* WORK ORDER:
Find the string "length" in the material. Copy every line that has it.

* DATA TO USE:

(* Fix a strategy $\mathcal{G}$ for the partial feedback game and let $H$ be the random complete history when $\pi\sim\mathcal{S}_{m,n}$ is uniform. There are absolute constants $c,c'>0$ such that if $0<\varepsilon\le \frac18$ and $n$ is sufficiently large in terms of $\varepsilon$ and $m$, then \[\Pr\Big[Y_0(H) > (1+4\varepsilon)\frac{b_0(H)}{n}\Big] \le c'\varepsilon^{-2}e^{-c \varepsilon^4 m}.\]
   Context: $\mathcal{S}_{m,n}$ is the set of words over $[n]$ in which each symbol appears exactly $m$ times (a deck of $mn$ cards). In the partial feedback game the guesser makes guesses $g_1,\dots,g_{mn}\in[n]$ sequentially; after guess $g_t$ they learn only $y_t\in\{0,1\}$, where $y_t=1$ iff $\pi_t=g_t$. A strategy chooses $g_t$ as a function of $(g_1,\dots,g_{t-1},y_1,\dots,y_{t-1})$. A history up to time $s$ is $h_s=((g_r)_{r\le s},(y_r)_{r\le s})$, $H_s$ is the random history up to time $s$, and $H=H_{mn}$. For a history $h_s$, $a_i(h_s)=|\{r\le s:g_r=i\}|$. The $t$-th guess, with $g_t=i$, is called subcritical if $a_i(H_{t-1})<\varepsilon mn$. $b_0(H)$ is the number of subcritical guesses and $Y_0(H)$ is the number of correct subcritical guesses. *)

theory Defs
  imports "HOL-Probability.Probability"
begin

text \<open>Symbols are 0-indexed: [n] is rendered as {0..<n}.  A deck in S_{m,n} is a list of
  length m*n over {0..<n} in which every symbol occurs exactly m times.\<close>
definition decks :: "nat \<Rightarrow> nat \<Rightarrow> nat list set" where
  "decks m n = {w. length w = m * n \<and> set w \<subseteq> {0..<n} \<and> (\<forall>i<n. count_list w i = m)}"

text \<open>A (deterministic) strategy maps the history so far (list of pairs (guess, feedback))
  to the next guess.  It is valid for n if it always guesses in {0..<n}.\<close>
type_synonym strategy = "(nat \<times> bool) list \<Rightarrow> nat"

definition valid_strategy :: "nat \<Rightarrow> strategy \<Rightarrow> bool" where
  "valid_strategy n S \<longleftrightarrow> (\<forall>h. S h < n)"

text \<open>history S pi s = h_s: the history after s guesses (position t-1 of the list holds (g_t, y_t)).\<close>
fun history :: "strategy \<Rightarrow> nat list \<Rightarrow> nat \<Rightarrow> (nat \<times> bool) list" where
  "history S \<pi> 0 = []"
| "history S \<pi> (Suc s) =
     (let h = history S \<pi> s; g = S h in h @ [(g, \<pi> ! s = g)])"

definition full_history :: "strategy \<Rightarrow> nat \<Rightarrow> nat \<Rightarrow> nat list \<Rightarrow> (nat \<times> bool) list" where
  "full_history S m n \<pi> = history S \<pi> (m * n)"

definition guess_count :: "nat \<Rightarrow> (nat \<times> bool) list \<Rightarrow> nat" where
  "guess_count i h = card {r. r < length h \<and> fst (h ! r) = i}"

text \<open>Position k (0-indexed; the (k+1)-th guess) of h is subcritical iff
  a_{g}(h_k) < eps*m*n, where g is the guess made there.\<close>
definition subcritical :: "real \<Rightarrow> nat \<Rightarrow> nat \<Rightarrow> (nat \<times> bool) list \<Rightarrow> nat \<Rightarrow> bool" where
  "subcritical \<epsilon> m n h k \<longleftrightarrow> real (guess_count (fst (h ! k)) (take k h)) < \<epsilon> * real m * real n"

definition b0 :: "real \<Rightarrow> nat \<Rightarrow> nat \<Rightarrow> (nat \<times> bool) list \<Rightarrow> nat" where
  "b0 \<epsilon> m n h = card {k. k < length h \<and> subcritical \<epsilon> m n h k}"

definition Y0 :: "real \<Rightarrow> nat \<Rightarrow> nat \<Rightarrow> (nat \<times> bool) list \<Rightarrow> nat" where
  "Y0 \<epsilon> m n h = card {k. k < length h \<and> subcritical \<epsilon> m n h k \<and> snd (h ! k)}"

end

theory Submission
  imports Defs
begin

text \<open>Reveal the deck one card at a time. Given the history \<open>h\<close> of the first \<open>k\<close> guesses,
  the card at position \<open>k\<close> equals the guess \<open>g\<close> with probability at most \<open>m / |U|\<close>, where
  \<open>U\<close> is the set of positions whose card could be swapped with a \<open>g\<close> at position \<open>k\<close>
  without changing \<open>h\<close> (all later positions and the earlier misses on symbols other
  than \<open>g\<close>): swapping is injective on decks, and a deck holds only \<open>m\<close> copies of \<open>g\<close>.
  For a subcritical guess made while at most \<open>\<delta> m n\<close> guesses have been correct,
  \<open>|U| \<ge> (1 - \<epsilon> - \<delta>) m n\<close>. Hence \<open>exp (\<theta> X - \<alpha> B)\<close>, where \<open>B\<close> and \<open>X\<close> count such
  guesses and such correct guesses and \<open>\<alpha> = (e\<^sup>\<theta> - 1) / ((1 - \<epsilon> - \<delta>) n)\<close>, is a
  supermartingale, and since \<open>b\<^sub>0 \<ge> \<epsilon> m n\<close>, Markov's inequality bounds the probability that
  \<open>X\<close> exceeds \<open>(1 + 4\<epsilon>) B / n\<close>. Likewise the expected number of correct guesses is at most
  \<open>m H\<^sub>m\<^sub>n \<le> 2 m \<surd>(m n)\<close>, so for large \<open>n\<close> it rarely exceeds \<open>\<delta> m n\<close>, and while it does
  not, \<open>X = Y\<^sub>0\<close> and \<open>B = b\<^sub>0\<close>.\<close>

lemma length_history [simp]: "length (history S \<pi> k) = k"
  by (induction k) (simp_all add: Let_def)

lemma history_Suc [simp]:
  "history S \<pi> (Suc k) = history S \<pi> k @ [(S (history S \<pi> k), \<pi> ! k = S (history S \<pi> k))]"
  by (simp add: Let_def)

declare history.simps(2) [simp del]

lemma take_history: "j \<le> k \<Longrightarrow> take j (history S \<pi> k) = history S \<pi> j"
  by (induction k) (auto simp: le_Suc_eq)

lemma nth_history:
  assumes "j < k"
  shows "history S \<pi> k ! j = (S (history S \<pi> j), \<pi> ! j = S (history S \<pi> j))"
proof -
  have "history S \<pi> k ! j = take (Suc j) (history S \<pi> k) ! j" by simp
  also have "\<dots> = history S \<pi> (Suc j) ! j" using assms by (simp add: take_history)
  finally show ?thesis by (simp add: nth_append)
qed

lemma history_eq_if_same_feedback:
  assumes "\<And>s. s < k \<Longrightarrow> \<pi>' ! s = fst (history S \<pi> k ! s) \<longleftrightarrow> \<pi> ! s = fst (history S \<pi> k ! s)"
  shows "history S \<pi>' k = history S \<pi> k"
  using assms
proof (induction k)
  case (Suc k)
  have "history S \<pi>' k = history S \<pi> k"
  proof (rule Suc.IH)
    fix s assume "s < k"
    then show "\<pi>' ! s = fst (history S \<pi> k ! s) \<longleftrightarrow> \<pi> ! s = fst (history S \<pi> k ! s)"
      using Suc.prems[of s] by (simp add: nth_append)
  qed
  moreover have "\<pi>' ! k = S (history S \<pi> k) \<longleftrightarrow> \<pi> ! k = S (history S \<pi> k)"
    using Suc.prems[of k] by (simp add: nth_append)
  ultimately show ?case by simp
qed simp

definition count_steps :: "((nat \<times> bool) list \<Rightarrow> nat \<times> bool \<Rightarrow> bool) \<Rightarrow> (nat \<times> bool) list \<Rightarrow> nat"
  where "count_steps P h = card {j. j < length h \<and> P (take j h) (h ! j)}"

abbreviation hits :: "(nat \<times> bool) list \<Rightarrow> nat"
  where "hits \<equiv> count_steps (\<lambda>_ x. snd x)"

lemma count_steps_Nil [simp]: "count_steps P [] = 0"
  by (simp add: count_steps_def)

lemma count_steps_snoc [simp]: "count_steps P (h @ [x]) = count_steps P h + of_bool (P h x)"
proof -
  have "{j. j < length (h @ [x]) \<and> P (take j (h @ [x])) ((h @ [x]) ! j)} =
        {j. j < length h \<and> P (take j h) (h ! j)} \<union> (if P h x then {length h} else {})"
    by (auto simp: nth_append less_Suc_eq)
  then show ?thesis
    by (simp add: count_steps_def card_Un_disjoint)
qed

* * *

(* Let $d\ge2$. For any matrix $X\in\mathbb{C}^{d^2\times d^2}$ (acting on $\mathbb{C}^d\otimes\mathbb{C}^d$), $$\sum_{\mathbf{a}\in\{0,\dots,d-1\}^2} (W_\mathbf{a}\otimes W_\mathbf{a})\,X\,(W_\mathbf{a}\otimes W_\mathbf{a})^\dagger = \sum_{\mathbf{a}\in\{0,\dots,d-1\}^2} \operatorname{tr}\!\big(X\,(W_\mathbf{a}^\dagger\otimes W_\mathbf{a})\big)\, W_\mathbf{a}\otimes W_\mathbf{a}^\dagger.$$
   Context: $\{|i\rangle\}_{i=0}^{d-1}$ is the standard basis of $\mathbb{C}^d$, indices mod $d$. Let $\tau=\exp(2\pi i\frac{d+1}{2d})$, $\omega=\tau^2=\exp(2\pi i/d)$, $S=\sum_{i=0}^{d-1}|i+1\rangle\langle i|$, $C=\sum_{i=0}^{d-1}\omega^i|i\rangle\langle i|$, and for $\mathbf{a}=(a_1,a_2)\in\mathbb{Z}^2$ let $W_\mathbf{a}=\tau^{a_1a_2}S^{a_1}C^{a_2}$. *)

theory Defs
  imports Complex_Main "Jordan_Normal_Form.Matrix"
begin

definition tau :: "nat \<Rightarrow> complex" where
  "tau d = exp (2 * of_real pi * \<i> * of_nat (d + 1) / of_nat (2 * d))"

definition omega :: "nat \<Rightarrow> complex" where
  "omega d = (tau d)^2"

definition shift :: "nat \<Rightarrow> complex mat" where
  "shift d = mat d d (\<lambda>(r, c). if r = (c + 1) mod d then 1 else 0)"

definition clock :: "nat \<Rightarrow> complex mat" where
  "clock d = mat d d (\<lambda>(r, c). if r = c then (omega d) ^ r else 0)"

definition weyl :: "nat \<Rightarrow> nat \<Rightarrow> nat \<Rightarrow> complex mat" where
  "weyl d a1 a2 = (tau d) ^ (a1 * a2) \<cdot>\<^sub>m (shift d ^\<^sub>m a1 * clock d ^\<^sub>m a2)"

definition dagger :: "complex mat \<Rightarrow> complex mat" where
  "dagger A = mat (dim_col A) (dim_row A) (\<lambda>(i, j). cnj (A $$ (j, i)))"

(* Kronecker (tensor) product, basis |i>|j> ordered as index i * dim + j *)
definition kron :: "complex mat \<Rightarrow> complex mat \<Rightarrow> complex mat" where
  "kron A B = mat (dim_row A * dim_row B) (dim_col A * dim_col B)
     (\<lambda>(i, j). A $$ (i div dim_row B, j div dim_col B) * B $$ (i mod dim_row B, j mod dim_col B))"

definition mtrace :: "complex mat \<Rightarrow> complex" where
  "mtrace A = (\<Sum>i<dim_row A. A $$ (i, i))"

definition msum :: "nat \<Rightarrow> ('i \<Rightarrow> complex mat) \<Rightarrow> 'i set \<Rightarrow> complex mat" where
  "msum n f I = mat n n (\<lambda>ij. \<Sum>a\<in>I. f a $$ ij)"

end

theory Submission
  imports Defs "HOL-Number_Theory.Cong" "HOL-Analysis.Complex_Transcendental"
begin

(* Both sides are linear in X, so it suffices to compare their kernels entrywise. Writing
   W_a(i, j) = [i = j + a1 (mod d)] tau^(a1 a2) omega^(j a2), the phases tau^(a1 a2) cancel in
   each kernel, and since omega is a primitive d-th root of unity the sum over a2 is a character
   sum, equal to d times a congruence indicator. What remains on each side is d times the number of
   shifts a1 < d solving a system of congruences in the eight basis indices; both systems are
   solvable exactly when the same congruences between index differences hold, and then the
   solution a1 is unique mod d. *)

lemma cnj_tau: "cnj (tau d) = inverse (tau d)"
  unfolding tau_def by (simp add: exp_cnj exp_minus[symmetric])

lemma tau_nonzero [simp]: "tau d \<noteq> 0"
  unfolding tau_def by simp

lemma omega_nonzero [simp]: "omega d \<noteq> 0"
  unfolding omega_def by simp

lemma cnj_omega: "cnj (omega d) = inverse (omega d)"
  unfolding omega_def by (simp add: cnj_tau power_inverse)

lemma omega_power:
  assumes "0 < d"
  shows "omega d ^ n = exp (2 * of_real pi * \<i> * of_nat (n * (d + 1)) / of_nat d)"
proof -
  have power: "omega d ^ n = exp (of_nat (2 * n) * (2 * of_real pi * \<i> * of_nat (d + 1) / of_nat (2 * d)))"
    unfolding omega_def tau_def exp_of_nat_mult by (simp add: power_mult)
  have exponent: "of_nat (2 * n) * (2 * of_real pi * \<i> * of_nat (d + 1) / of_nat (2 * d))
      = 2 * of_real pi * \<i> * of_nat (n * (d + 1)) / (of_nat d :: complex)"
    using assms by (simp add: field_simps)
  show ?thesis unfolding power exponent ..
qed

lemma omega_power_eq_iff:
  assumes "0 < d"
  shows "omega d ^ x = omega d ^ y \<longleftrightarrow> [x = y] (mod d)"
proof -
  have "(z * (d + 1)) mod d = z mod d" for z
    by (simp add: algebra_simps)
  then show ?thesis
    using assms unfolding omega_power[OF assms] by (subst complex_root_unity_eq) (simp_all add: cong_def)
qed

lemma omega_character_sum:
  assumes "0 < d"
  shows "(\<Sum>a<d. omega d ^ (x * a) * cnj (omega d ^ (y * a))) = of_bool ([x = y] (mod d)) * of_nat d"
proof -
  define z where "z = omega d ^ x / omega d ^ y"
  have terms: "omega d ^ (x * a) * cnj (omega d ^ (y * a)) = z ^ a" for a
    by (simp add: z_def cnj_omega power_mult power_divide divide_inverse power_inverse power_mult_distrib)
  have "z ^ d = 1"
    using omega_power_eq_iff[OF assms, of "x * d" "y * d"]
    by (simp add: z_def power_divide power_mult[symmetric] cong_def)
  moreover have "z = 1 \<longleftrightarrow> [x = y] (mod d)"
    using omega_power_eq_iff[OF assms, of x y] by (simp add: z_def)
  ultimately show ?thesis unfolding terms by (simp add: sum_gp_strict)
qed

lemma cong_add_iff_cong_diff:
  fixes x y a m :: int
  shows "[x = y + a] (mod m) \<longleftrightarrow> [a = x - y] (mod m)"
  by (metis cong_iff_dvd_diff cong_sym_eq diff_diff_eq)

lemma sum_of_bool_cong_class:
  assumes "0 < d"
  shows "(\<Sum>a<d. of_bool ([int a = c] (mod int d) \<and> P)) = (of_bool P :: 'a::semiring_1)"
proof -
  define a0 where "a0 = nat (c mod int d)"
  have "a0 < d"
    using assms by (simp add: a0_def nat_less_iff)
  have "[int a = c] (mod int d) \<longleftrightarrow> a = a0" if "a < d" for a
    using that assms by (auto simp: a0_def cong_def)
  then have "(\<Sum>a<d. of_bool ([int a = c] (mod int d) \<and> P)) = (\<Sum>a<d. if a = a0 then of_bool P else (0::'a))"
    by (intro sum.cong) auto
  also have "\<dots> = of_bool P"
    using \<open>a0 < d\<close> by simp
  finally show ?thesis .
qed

* YOUR RESPONSE:
  length m*n over {0..<n} in which every symbol occurs exactly m times.\<close>
  "decks m n = {w. length w = m * n \<and> set w \<subseteq> {0..<n} \<and> (\<forall>i<n. count_list w i = m)}"
  "guess_count i h = card {r. r < length h \<and> fst (h ! r) = i}"
  "b0 \<epsilon> m n h = card {k. k < length h \<and> subcritical \<epsilon> m n h k}"
  "Y0 \<epsilon> m n h = card {k. k < length h \<and> subcritical \<epsilon> m n h k \<and> snd (h ! k)}"
lemma length_history [simp]: "length (history S \<pi> k) = k"
  where "count_steps P h = card {j. j < length h \<and> P (take j h) (h ! j)}"
  have "{j. j < length (h @ [x]) \<and> P (take j (h @ [x])) ((h @ [x]) ! j)} =
        {j. j < length h \<and> P (take j h) (h ! j)} \<union> (if P h x then {length h} else {})"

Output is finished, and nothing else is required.